(* Let $\mathcal{H}$ be a real Hilbert space, let $A_1, A_2:\mathcal{H}\to 2^{\mathcal{H}}$ be maximally monotone, let $B:\mathcal{H}\to\mathcal{H}$ be monotone and $L$-Lipschitz continuous ($L>0$), let $C:\mathcal{H}\to\mathcal{H}$ be $\beta$-cocoercive ($\beta>0$), and let $\gamma>0$. Let $z_0, y_0, y_{-1}\in\mathcal{H}$ and define sequences $\{x_n\},\{y_n\},\{z_n\}$ for $n\ge 0$ by $$x_{n+1}=J_{\gamma A_1}z_n,\qquad y_{n+1}=J_{\gamma A_2}\big(2x_{n+1}-z_n-2\gamma By_n+\gamma By_{n-1}-\gamma Cy_n\big),\qquad z_{n+1}=z_n+y_{n+1}-x_{n+1}.$$ Suppose that there exist $x,z\in\mathcal{H}$ such that $z-x\in\gamma A_1x$ and $x-z\in\gamma(A_2+B+C)x$. Then for all $n\in\mathbb{N}$, $$\|z_{n+1}-z\|^2+2\gamma\langle By_{n+1}-By_n,x-y_{n+1}\rangle+\|z_{n+1}-z_n\|^2 \le \|z_n-z\|^2+2\gamma\langle By_n-By_{n-1},x-y_n\rangle+2\gamma\langle By_n-By_{n-1},y_n-y_{n+1}\rangle+2\gamma\langle Cy_n-Cx,x-y_{n+1}\rangle.$$
   Context: For a maximally monotone operator $A$ and $\gamma>0$, $J_{\gamma A}=(\mathrm{Id}+\gamma A)^{-1}$ is the resolvent (single-valued, defined on all of $\mathcal{H}$). An operator $C$ is $\beta$-cocoercive if $\langle x-y,Cx-Cy\rangle\ge\beta\|Cx-Cy\|^2$ for all $x,y$. *)

theory Defs
  imports "HOL-Analysis.Analysis"
begin

definition monotone_op :: "('a::real_inner \<Rightarrow> 'a set) \<Rightarrow> bool" where
  "monotone_op A \<longleftrightarrow> (\<forall>x y u v. u \<in> A x \<longrightarrow> v \<in> A y \<longrightarrow> inner (x - y) (u - v) \<ge> 0)"

definition maximally_monotone :: "('a::real_inner \<Rightarrow> 'a set) \<Rightarrow> bool" where
  "maximally_monotone A \<longleftrightarrow> monotone_op A \<and>
     (\<forall>x u. (\<forall>y v. v \<in> A y \<longrightarrow> inner (x - y) (u - v) \<ge> 0) \<longrightarrow> u \<in> A x)"

text \<open>Resolvent J_{gamma A} = (Id + gamma A)^{-1}: the (unique, for maximally monotone A)
  point p with x in p + gamma A p.\<close>
definition resolvent :: "real \<Rightarrow> ('a::real_inner \<Rightarrow> 'a set) \<Rightarrow> 'a \<Rightarrow> 'a" where
  "resolvent \<gamma> A x = (THE p. x - p \<in> (\<lambda>u. \<gamma> *\<^sub>R u) ` A p)"

definition monotone_single :: "('a::real_inner \<Rightarrow> 'a) \<Rightarrow> bool" where
  "monotone_single B \<longleftrightarrow> (\<forall>x y. inner (x - y) (B x - B y) \<ge> 0)"

definition lipschitz_op :: "real \<Rightarrow> ('a::real_normed_vector \<Rightarrow> 'a) \<Rightarrow> bool" where
  "lipschitz_op L B \<longleftrightarrow> (\<forall>x y. norm (B x - B y) \<le> L * norm (x - y))"

definition cocoercive :: "real \<Rightarrow> ('a::real_inner \<Rightarrow> 'a) \<Rightarrow> bool" where
  "cocoercive \<beta> C \<longleftrightarrow> (\<forall>x y. inner (x - y) (C x - C y) \<ge> \<beta> * (norm (C x - C y))\<^sup>2)"

end

theory Submission
  imports Defs
begin

(* Subtracting the inclusions z_n - x_{n+1} in gamma A1 x_{n+1} and
   w_n - y_{n+1} in gamma A2 y_{n+1} (w_n the argument of the second resolvent) from the
   inclusions at the solution (x, z), monotonicity of A1, A2 and B yields three nonnegative
   inner products. Since z_{n+1} - z_n = y_{n+1} - x_{n+1}, twice their sum is exactly the
   difference of the two sides of the estimate.

   Those inclusions need the resolvents to be everywhere defined, i.e. Minty's theorem. For a
   monotone graph and a point w, consider the balls with diameter [y, w - gamma v], (y, v) in
   the graph. Finitely many of them meet: minimise the largest of the defining quadratics over
   the convex hull of the centres. In a Hilbert space, closed bounded convex sets with the
   finite intersection property meet (the near-minimal-norm points of a growing chain of
   finite intersections shrink to a single point), so all of the balls meet, and maximality
   puts any common point p into the graph in the form (p, (w - p) / gamma). *)

lemma monotone_opD:
  assumes "monotone_op A" "u \<in> A x" "v \<in> A y"
  shows "0 \<le> inner (x - y) (u - v)"
  using assms unfolding monotone_op_def by blast

lemma maximally_monotone_imp_monotone_op:
  "maximally_monotone A \<Longrightarrow> monotone_op A"
  unfolding maximally_monotone_def by blast

lemma monotone_op_scaleR_image:
  assumes "monotone_op A" "0 \<le> \<gamma>"
    and "u \<in> (\<lambda>a. \<gamma> *\<^sub>R a) ` A x" "v \<in> (\<lambda>a. \<gamma> *\<^sub>R a) ` A y"
  shows "0 \<le> inner (x - y) (u - v)"
proof -
  obtain a b where "a \<in> A x" "b \<in> A y" "u = \<gamma> *\<^sub>R a" "v = \<gamma> *\<^sub>R b"
    using assms(3,4) by blast
  then show ?thesis
    using monotone_opD[OF assms(1)] assms(2)
    by (simp add: scaleR_diff_right[symmetric])
qed

section \<open>Balls with a given diameter\<close>

lemma inner_diameter_eq:
  fixes p y c :: "'a::real_inner"
  shows "inner (p - y) (c - p) = (dist y c / 2)\<^sup>2 - (dist p (midpoint y c))\<^sup>2"
  unfolding dist_norm midpoint_def power_divide power2_norm_eq_inner
  by (simp add: inner_add_left inner_add_right inner_diff_left inner_diff_right inner_commute
      field_simps)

§

-- TASK REQUIREMENTS --
Beginning with the very first line of the material, please return exactly each line down to and including the one with "p \<in> (\<lambda>u.".

-- SOLUTION TO THIS PROBLEM --
(* Let $\mathcal{H}$ be a real Hilbert space, let $A_1, A_2:\mathcal{H}\to 2^{\mathcal{H}}$ be maximally monotone, let $B:\mathcal{H}\to\mathcal{H}$ be monotone and $L$-Lipschitz continuous ($L>0$), let $C:\mathcal{H}\to\mathcal{H}$ be $\beta$-cocoercive ($\beta>0$), and let $\gamma>0$. Let $z_0, y_0, y_{-1}\in\mathcal{H}$ and define sequences $\{x_n\},\{y_n\},\{z_n\}$ for $n\ge 0$ by $$x_{n+1}=J_{\gamma A_1}z_n,\qquad y_{n+1}=J_{\gamma A_2}\big(2x_{n+1}-z_n-2\gamma By_n+\gamma By_{n-1}-\gamma Cy_n\big),\qquad z_{n+1}=z_n+y_{n+1}-x_{n+1}.$$ Suppose that there exist $x,z\in\mathcal{H}$ such that $z-x\in\gamma A_1x$ and $x-z\in\gamma(A_2+B+C)x$. Then for all $n\in\mathbb{N}$, $$\|z_{n+1}-z\|^2+2\gamma\langle By_{n+1}-By_n,x-y_{n+1}\rangle+\|z_{n+1}-z_n\|^2 \le \|z_n-z\|^2+2\gamma\langle By_n-By_{n-1},x-y_n\rangle+2\gamma\langle By_n-By_{n-1},y_n-y_{n+1}\rangle+2\gamma\langle Cy_n-Cx,x-y_{n+1}\rangle.$$
   Context: For a maximally monotone operator $A$ and $\gamma>0$, $J_{\gamma A}=(\mathrm{Id}+\gamma A)^{-1}$ is the resolvent (single-valued, defined on all of $\mathcal{H}$). An operator $C$ is $\beta$-cocoercive if $\langle x-y,Cx-Cy\rangle\ge\beta\|Cx-Cy\|^2$ for all $x,y$. *)

theory Defs
  imports "HOL-Analysis.Analysis"
begin

definition monotone_op :: "('a::real_inner \<Rightarrow> 'a set) \<Rightarrow> bool" where
  "monotone_op A \<longleftrightarrow> (\<forall>x y u v. u \<in> A x \<longrightarrow> v \<in> A y \<longrightarrow> inner (x - y) (u - v) \<ge> 0)"

definition maximally_monotone :: "('a::real_inner \<Rightarrow> 'a set) \<Rightarrow> bool" where
  "maximally_monotone A \<longleftrightarrow> monotone_op A \<and>
     (\<forall>x u. (\<forall>y v. v \<in> A y \<longrightarrow> inner (x - y) (u - v) \<ge> 0) \<longrightarrow> u \<in> A x)"

text \<open>Resolvent J_{gamma A} = (Id + gamma A)^{-1}: the (unique, for maximally monotone A)
  point p with x in p + gamma A p.\<close>
definition resolvent :: "real \<Rightarrow> ('a::real_inner \<Rightarrow> 'a set) \<Rightarrow> 'a \<Rightarrow> 'a" where
  "resolvent \<gamma> A x = (THE p. x - p \<in> (\<lambda>u. \<gamma> *\<^sub>R u) ` A p)"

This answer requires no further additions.